[[ Provided records, beginning ]]

lemma nearby_component_bound:
  fixes A :: "'i::finite \<Rightarrow> 'a set"
  assumes ne: "\<And>j. dsupp (\<mu> j) \<noteq> {}" and fin: "finite (A k)"
    and s': "s' \<in> nearby A \<nu> \<mu> s \<eta>" and \<theta>: "\<theta> \<in> dsupp (\<mu> k)" and a: "a \<in> A k"
  shows "\<bar>s' k \<theta> a - s k \<theta> a\<bar> \<le> \<eta>"
proof -
  define p where "p j = (if j = k then \<theta> else (SOME t. t \<in> dsupp (\<mu> j)))" for j
  have "p k = \<theta>" by (simp add: p_def)
  have "p \<in> Pi\<^sub>E UNIV (\<lambda>j. dsupp (\<mu> j))"
    using \<theta> ne by (auto simp: p_def some_in_eq)
  then have "(MAX j. mdist A j (s' j (p j)) (s j (p j))) \<le> \<eta>"
    using s' unfolding nearby_def by blast
  moreover have "mdist A k (s' k (p k)) (s k (p k)) \<le> (MAX j. mdist A j (s' j (p j)) (s j (p j)))"
    by (rule Max_ge) auto
  then have "mdist A k (s' k \<theta>) (s k \<theta>) \<le> (MAX j. mdist A j (s' j (p j)) (s j (p j)))"
    by (simp add: \<open>p k = \<theta>\<close>)
  moreover have "(s' k \<theta> a - s k \<theta> a)\<^sup>2 \<le> (\<Sum>b\<in>A k. (s' k \<theta> b - s k \<theta> b)\<^sup>2)"
    using fin a by (intro member_le_sum) auto
  then have "\<bar>s' k \<theta> a - s k \<theta> a\<bar> \<le> mdist A k (s' k \<theta>) (s k \<theta>)"
    unfolding mdist_def using real_sqrt_le_mono by fastforce
  ultimately show ?thesis by linarith
qed

lemma nearby_agg_tendsto:
  fixes A :: "'i::finite \<Rightarrow> 'a set"
  assumes ne: "\<And>j. dsupp (\<mu> j) \<noteq> {}" and fin: "finite (A k)"
    and S: "\<And>n. S n \<in> nearby A (\<nu> n) \<mu> s (\<delta> n)" and \<delta>: "\<delta> \<longlonglongrightarrow> 0" and a: "a \<in> A k"
  shows "(\<lambda>n. agg \<mu> (S n) k a) \<longlonglongrightarrow> agg \<mu> s k a"
  unfolding agg_def
proof (intro tendsto_intros)
  fix \<theta> assume \<theta>: "\<theta> \<in> dsupp (\<mu> k)"
  have "norm (S n k \<theta> a - s k \<theta> a) \<le> norm (\<delta> n) * 1" for n
    using nearby_component_bound[OF ne fin S \<theta> a] by (simp add: order_trans[OF _ abs_ge_self])
  then have "(\<lambda>n. S n k \<theta> a - s k \<theta> a) \<longlonglongrightarrow> 0"
    by (intro tendsto_0_le[OF \<delta>] always_eventually allI)
  then show "(\<lambda>n. S n k \<theta> a) \<longlonglongrightarrow> s k \<theta> a"
    by (rule LIM_zero_cancel)
qed

lemma exists_scaled_type_notin:
  fixes A :: "'i::finite \<Rightarrow> 'a set"
  assumes "finite T" and b0: "b0 \<in> Pi\<^sub>E UNIV A" "u b0 \<noteq> 0"
  obtains k :: real where "0 < k" "(\<lambda>b. if b \<in> Pi\<^sub>E UNIV A then k * u b else 0) \<notin> T"
proof -
  define scale where "scale n = (\<lambda>b. if b \<in> Pi\<^sub>E UNIV A then real (Suc n) * u b else 0)" for n
  have "inj scale"
  proof (rule injI)
    fix n n' assume "scale n = scale n'"
    then have "real (Suc n) * u b0 = real (Suc n') * u b0"
      using b0 unfolding scale_def by meson
    then show "n = n'" using b0 by simp
  qed
  then have "\<not> range scale \<subseteq> T"
    using \<open>finite T\<close> finite_imageD finite_subset by blast
  then obtain n where "scale n \<notin> T" by blast
  then show ?thesis using that[of "real (Suc n)"] by (simp add: scale_def)
qed

lemma post_entry_single_other [simp]: "j \<noteq> i \<Longrightarrow> post_entry \<mu> {i} m \<epsilon> j = \<mu> j"
  by (simp add: post_entry_def)

lemma agg_post_entry_single_other [simp]:
  "j \<noteq> i \<Longrightarrow> agg (post_entry \<mu> {i} m \<epsilon>) s j = agg \<mu> s j"
  by (simp add: agg_def)

lemma dsupp_post_entry_single:
  assumes "m i \<notin> dsupp (\<mu> i)" "0 < \<epsilon> i" "\<epsilon> i < 1"
  shows "dsupp (post_entry \<mu> {i} m \<epsilon> k) = (if k = i then insert (m i) (dsupp (\<mu> i)) else dsupp (\<mu> k))"
  using assms by (auto simp: dsupp_def post_entry_def)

[[ Provided records, end ]]

[Exercise brief] Report every line of the entries that carries the word "assumes".

[Solution to this problem]
  assumes ne: "\<And>j. dsupp (\<mu> j) \<noteq> {}" and fin: "finite (A k)"
  assumes ne: "\<And>j. dsupp (\<mu> j) \<noteq> {}" and fin: "finite (A k)"
  assumes "finite T" and b0: "b0 \<in> Pi\<^sub>E UNIV A" "u b0 \<noteq> 0"
  assumes "m i \<notin> dsupp (\<mu> i)" "0 < \<epsilon> i" "\<epsilon> i < 1"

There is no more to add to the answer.